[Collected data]
lemma shuffle_sign_remove: "finite C \<Longrightarrow> i \<in> C \<Longrightarrow> shuffle_sign j (C - {i}) = (if i < j then - shuffle_sign j C else (shuffle_sign j C::'a::field_char_0))"
proof -
  assume f: "finite C" and i: "i \<in> C"
  have e: "{b\<in>C - {i}. b < j} = {b\<in>C. b < j} - {i}" by auto
  show ?thesis
  proof (cases "i < j")
    case True
    hence "i \<in> {b\<in>C. b < j}" using i by auto
    moreover have "finite {b\<in>C. b < j}" using f by auto
    ultimately have c: "card {b\<in>C - {i}. b < j} = card {b\<in>C. b < j} - 1" and p: "card {b\<in>C. b < j} > 0"
      unfolding e by (auto simp: card_gt_0_iff)
    then obtain n where "card {b\<in>C. b < j} = Suc n" by (cases "card {b\<in>C. b < j}") auto
    thus ?thesis using True c unfolding shuffle_sign_def by simp
  next
    case False
    hence "{b\<in>C - {i}. b < j} = {b\<in>C. b < j}" by auto
    thus ?thesis using False unfolding shuffle_sign_def by simp
  qed
qed

lemma shuffle_sign_insert: "finite C \<Longrightarrow> i \<notin> C \<Longrightarrow> shuffle_sign j (insert i C) = (if i < j then - shuffle_sign j C else (shuffle_sign j C::'a::field_char_0))"
proof -
  assume f: "finite C" and i: "i \<notin> C"
  show ?thesis
  proof (cases "i < j")
    case True
    hence "{b\<in>insert i C. b < j} = insert i {b\<in>C. b < j}" by auto
    moreover have "finite {b\<in>C. b < j}" using f by auto
    ultimately have "card {b\<in>insert i C. b < j} = Suc (card {b\<in>C. b < j})" using i by simp
    thus ?thesis using True unfolding shuffle_sign_def by simp
  next
    case False
    hence "{b\<in>insert i C. b < j} = {b\<in>C. b < j}" by auto
    thus ?thesis using False unfolding shuffle_sign_def by simp
  qed
qed

lemma shuffle_sign_square: "shuffle_sign j C * shuffle_sign j C = (1::'a::field_char_0)"
  unfolding shuffle_sign_def by (simp add: power_mult_distrib[symmetric])

lemma shuffle_sign_swap_remove: "finite C \<Longrightarrow> i \<in> C \<Longrightarrow> j \<in> C \<Longrightarrow> i \<noteq> j \<Longrightarrow>
  shuffle_sign i C * shuffle_sign j (C - {i}) = - (shuffle_sign j C * (shuffle_sign i (C - {j})::'a::field_char_0))"
proof -
  assume a: "finite C" "i \<in> C" "j \<in> C" "i \<noteq> j"
  note sign_steps = shuffle_sign_remove[OF a(1,2), of j, where 'a='a] shuffle_sign_remove[OF a(1,3), of i, where 'a='a]
  show ?thesis
  proof (cases "i < j")
    case True
    hence "\<not> j < i" by simp
    thus ?thesis using sign_steps True by simp
  next
    case False
    hence "j < i" using a by simp
    thus ?thesis using sign_steps False by simp
  qed
qed

lemma shuffle_sign_swap_insert: "finite C \<Longrightarrow> i \<notin> C \<Longrightarrow> j \<notin> C \<Longrightarrow> i \<noteq> j \<Longrightarrow>
  shuffle_sign i C * shuffle_sign j (insert i C) = - (shuffle_sign j C * (shuffle_sign i (insert j C)::'a::field_char_0))"
proof -
  assume a: "finite C" "i \<notin> C" "j \<notin> C" "i \<noteq> j"
  note sign_steps = shuffle_sign_insert[OF a(1,2), of j, where 'a='a] shuffle_sign_insert[OF a(1,3), of i, where 'a='a]
  show ?thesis
  proof (cases "i < j")
    case True
    hence "\<not> j < i" by simp
    thus ?thesis using sign_steps True by simp
  next
    case False
    hence "j < i" using a by simp
    thus ?thesis using sign_steps False by simp
  qed
qed

lemma shuffle_sign_swap_mixed: "finite C \<Longrightarrow> j \<in> C \<Longrightarrow> l \<notin> C \<Longrightarrow>
  shuffle_sign j C * shuffle_sign l (C - {j}) = - (shuffle_sign l C * (shuffle_sign j (insert l C)::'a::field_char_0))"
proof -
  assume a: "finite C" "j \<in> C" "l \<notin> C"
  hence ne: "j \<noteq> l" by auto
  note sign_steps = shuffle_sign_remove[OF a(1,2), of l, where 'a='a] shuffle_sign_insert[OF a(1,3), of j, where 'a='a]
  show ?thesis
  proof (cases "j < l")
    case True
    hence "\<not> l < j" by simp
    thus ?thesis using sign_steps True by simp
  next
    case False
    hence "l < j" using ne by simp
    thus ?thesis using sign_steps False by simp
  qed
qed

lemma double_sum_antisym:
  assumes "\<And>i j. i \<in> A \<Longrightarrow> j \<in> A \<Longrightarrow> T i j = - T j i"
  shows "(\<Sum>i\<in>A. \<Sum>j\<in>A. T i j) = (0::'a::field_char_0)"
proof -
  let ?S = "\<Sum>i\<in>A. \<Sum>j\<in>A. T i j"
  have "?S = (\<Sum>i\<in>A. \<Sum>j\<in>A. - T j i)"
    by (intro sum.cong refl) (rule assms)
  also have "\<dots> = - (\<Sum>i\<in>A. \<Sum>j\<in>A. T j i)" by (simp add: sum_negf)
  also have "(\<Sum>i\<in>A. \<Sum>j\<in>A. T j i) = ?S" by (rule sum.swap)
  finally have self_neg: "?S = - ?S" .
  have "?S + ?S = 0" using self_neg by (metis add.right_inverse)
  hence "2 * ?S = 0" by (simp only: mult_2)
  thus ?thesis by simp
qed

lemma if_mult_sum: "(if c then a * sum (\<lambda>l. if d l then g l else 0) L else (0::'a::comm_ring))
   = sum (\<lambda>l. if c \<and> d l then a * g l else 0) L"
proof (cases c)
  case True
  have "a * sum (\<lambda>l. if d l then g l else 0) L = sum (\<lambda>l. a * (if d l then g l else 0)) L"
    by (rule sum_distrib_left)
  also have "\<dots> = sum (\<lambda>l. if c \<and> d l then a * g l else 0) L"
    by (rule sum.cong) (simp_all add: True)
  finally show ?thesis using True by simp
qed simp

lemma if_mult_mult_sum: "(if c then a * (b * sum (\<lambda>l. if d l then g l else 0) L) else (0::'a::comm_ring))
   = sum (\<lambda>l. if c \<and> d l then a * (b * g l) else 0) L"
proof (cases c)
  case True
  have "a * (b * sum (\<lambda>l. if d l then g l else 0) L) = sum (\<lambda>l. a * (b * (if d l then g l else 0))) L"
    by (simp add: sum_distrib_left)
  also have "\<dots> = sum (\<lambda>l. if c \<and> d l then a * (b * g l) else 0) L"
    by (rule sum.cong) (simp_all add: True)
  finally show ?thesis using True by simp
qed simp

lemma shuffle_sign_cancel: "shuffle_sign j C * (shuffle_sign j C * x) = (x::'a::field_char_0)"
  by (simp add: mult.assoc[symmetric] shuffle_sign_square)

(* \<partial>\<^sup>+ \<partial>\<^sup>+ = 0: the terms for the index pairs (i, j) and (j, i) cancel. *)
lemma dplus_dplus: "dplus m (dplus m P) \<alpha> C = (0::'a::field_char_0)"
proof -
  define X where "X i j = of_nat (Suc (\<alpha> i)) * of_nat (Suc (\<alpha> j)) *
     P (\<alpha>(i := Suc (\<alpha> i), j := Suc (\<alpha> j))) (C - {i} - {j})" for i j
  define T where "T i j = (if C \<subseteq> {..<m} \<and> i \<in> C \<and> j \<in> C \<and> i \<noteq> j then
     shuffle_sign i C * shuffle_sign j (C - {i}) * X i j else (0::'a))" for i j
  have flatten: "dplus m (dplus m P) \<alpha> C = (\<Sum>i<m. \<Sum>j<m. T i j)"
    unfolding dplus_coeff[of m "dplus m P"] dplus_coeff[of m P] if_mult_mult_sum
    by (intro sum.cong refl) (auto simp: T_def X_def mult_ac)
  have antisym: "T i j = - T j i" for i j
  proof (cases "C \<subseteq> {..<m} \<and> i \<in> C \<and> j \<in> C \<and> i \<noteq> j")
    case True
    hence f: "finite C" using finite_subset by blast
    have sign: "shuffle_sign i C * shuffle_sign j (C - {i}) = - (shuffle_sign j C * (shuffle_sign i (C - {j})::'a))"
      using shuffle_sign_swap_remove[OF f] True by blast
    have coeff: "X i j = X j i" unfolding X_def using True
      by (simp add: fun_upd_twist Diff_insert2[symmetric] insert_commute mult_ac)
    show ?thesis unfolding T_def using True sign coeff by auto
  next
    case False
    thus ?thesis unfolding T_def by auto
  qed
  show ?thesis unfolding flatten by (rule double_sum_antisym) (rule antisym)
qed

(* (x\<bullet>)(x\<bullet>) = 0, by the same cancellation. *)
lemma xdot_xdot: "xdot m (xdot m P) \<alpha> C = (0::'a::field_char_0)"
proof -
  define Y where "Y i j = P (\<alpha>(i := \<alpha> i - 1, j := \<alpha> j - 1)) (insert j (insert i C))" for i j
  define T where "T i j = (if C \<subseteq> {..<m} \<and> i \<notin> C \<and> j \<notin> C \<and> i \<noteq> j \<and> 0 < \<alpha> i \<and> 0 < \<alpha> j then
     shuffle_sign i C * shuffle_sign j (insert i C) * Y i j else (0::'a))" for i j
  have flatten: "xdot m (xdot m P) \<alpha> C = (\<Sum>i<m. \<Sum>j<m. T i j)"
    unfolding xdot_coeff[of m "xdot m P"] xdot_coeff[of m P] if_mult_sum
    by (intro sum.cong refl) (auto simp: T_def Y_def mult_ac)
  have antisym: "T i j = - T j i" for i j
  proof (cases "C \<subseteq> {..<m} \<and> i \<notin> C \<and> j \<notin> C \<and> i \<noteq> j \<and> 0 < \<alpha> i \<and> 0 < \<alpha> j")
    case True
    hence f: "finite C" using finite_subset by blast
    have sign: "shuffle_sign i C * shuffle_sign j (insert i C) = - (shuffle_sign j C * (shuffle_sign i (insert j C)::'a))"
      using shuffle_sign_swap_insert[OF f] True by blast
    have coeff: "Y i j = Y j i" unfolding Y_def using True
      by (simp add: fun_upd_twist insert_commute)
    show ?thesis unfolding T_def using True sign coeff by auto
  next
    case False
    thus ?thesis unfolding T_def by auto
  qed
  show ?thesis unfolding flatten by (rule double_sum_antisym) (rule antisym)
qed

(* The (j, l) summand of \<partial>\<^sup>+(x\<bullet>) + (x\<bullet>)\<partial>\<^sup>+: off-diagonal terms cancel, the diagonal
     term multiplies the coefficient of x^\<alpha> e_C by -(\<alpha>_j + [j \<in> C]). *)
lemma anticomm_summand:
  assumes Cm: "C \<subseteq> {..<m}" and jm: "j < m" and lm: "l < m"
  shows "(if (C \<subseteq> {..<m} \<and> j \<in> C) \<and> (C - {j} \<subseteq> {..<m} \<and> l \<notin> C - {j} \<and> 0 < (\<alpha>(j := Suc (\<alpha> j))) l)
     then shuffle_sign j C * (of_nat (Suc (\<alpha> j)) * (- shuffle_sign l (C - {j}) *
        P ((\<alpha>(j := Suc (\<alpha> j)))(l := (\<alpha>(j := Suc (\<alpha> j))) l - 1)) (insert l (C - {j})))) else 0)
   + (if (C \<subseteq> {..<m} \<and> l \<notin> C \<and> 0 < \<alpha> l) \<and> (insert l C \<subseteq> {..<m} \<and> j \<in> insert l C)
     then - shuffle_sign l C * (shuffle_sign j (insert l C) * (of_nat (Suc ((\<alpha>(l := \<alpha> l - 1)) j)) *
        P ((\<alpha>(l := \<alpha> l - 1))(j := Suc ((\<alpha>(l := \<alpha> l - 1)) j))) (insert l C - {j}))) else 0)
   = (if l = j then - (if j \<in> C then of_nat (Suc (\<alpha> j)) else of_nat (\<alpha> j)) * P \<alpha> C else (0::'a::field_char_0))"
proof -
  have f: "finite C" using Cm finite_subset by blast
  show ?thesis
  proof (cases "l = j")
    case True
    show ?thesis
    proof (cases "j \<in> C")
      case jC: True
      have "C - {j} \<subseteq> {..<m}" using Cm by auto
      thus ?thesis using True jC Cm by (simp add: shuffle_sign_remove_self insert_absorb algebra_simps shuffle_sign_cancel shuffle_sign_square)
    next
      case jC: False
      have "shuffle_sign j C * shuffle_sign j C = (1::'a)" by (rule shuffle_sign_square)
      moreover have "\<alpha> j > 0 \<Longrightarrow> \<alpha>(j := \<alpha> j) = \<alpha>" by simp
      ultimately show ?thesis using True jC Cm jm by (auto simp: shuffle_sign_insert_self algebra_simps)
    qed
  next
    case ne: False
    show ?thesis
    proof (cases "j \<in> C \<and> l \<notin> C \<and> 0 < \<alpha> l \<and> l < m")
      case True
      let ?Z = "P (\<alpha>(j := Suc (\<alpha> j), l := \<alpha> l - 1)) (insert l (C - {j}))"
      let ?a = "of_nat (Suc (\<alpha> j)) :: 'a"
      have upd_swap: "\<alpha>(l := \<alpha> l - 1, j := Suc (\<alpha> j)) = \<alpha>(j := Suc (\<alpha> j), l := \<alpha> l - 1)"
        using ne by (rule fun_upd_twist)
      have set_swap: "insert l C - {j} = insert l (C - {j})" using ne by auto
      have sign: "shuffle_sign j C * shuffle_sign l (C - {j}) = - (shuffle_sign l C * (shuffle_sign j (insert l C)::'a))"
        using shuffle_sign_swap_mixed[OF f] True by blast
      have factor: "shuffle_sign j C * (?a * (- shuffle_sign l (C - {j}) * ?Z)) + - shuffle_sign l C * (shuffle_sign j (insert l C) * (?a * ?Z))
          = - (?a * ?Z) * (shuffle_sign j C * shuffle_sign l (C - {j}) + shuffle_sign l C * shuffle_sign j (insert l C))"
        by (simp add: algebra_simps)
      also have "\<dots> = 0" using sign by simp
      finally have cancel: "shuffle_sign j C * (?a * (- shuffle_sign l (C - {j}) * ?Z)) + - shuffle_sign l C * (shuffle_sign j (insert l C) * (?a * ?Z)) = 0" .
      have "C - {j} \<subseteq> {..<m}" using Cm by auto
      thus ?thesis using True ne Cm cancel upd_swap set_swap by (simp add: insert_subset)
    next
      case False
      thus ?thesis using ne Cm lm by auto
    qed
  qed
qed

**BRIEF:** A complete answer reproduces every line of the records in which the word "Longrightarrow" occurs.

**TASK RESULT:**
lemma shuffle_sign_remove: "finite C \<Longrightarrow> i \<in> C \<Longrightarrow> shuffle_sign j (C - {i}) = (if i < j then - shuffle_sign j C else (shuffle_sign j C::'a::field_char_0))"
lemma shuffle_sign_insert: "finite C \<Longrightarrow> i \<notin> C \<Longrightarrow> shuffle_sign j (insert i C) = (if i < j then - shuffle_sign j C else (shuffle_sign j C::'a::field_char_0))"
lemma shuffle_sign_swap_remove: "finite C \<Longrightarrow> i \<in> C \<Longrightarrow> j \<in> C \<Longrightarrow> i \<noteq> j \<Longrightarrow>
lemma shuffle_sign_swap_insert: "finite C \<Longrightarrow> i \<notin> C \<Longrightarrow> j \<notin> C \<Longrightarrow> i \<noteq> j \<Longrightarrow>
lemma shuffle_sign_swap_mixed: "finite C \<Longrightarrow> j \<in> C \<Longrightarrow> l \<notin> C \<Longrightarrow>
  assumes "\<And>i j. i \<in> A \<Longrightarrow> j \<in> A \<Longrightarrow> T i j = - T j i"
      moreover have "\<alpha> j > 0 \<Longrightarrow> \<alpha>(j := \<alpha> j) = \<alpha>" by simp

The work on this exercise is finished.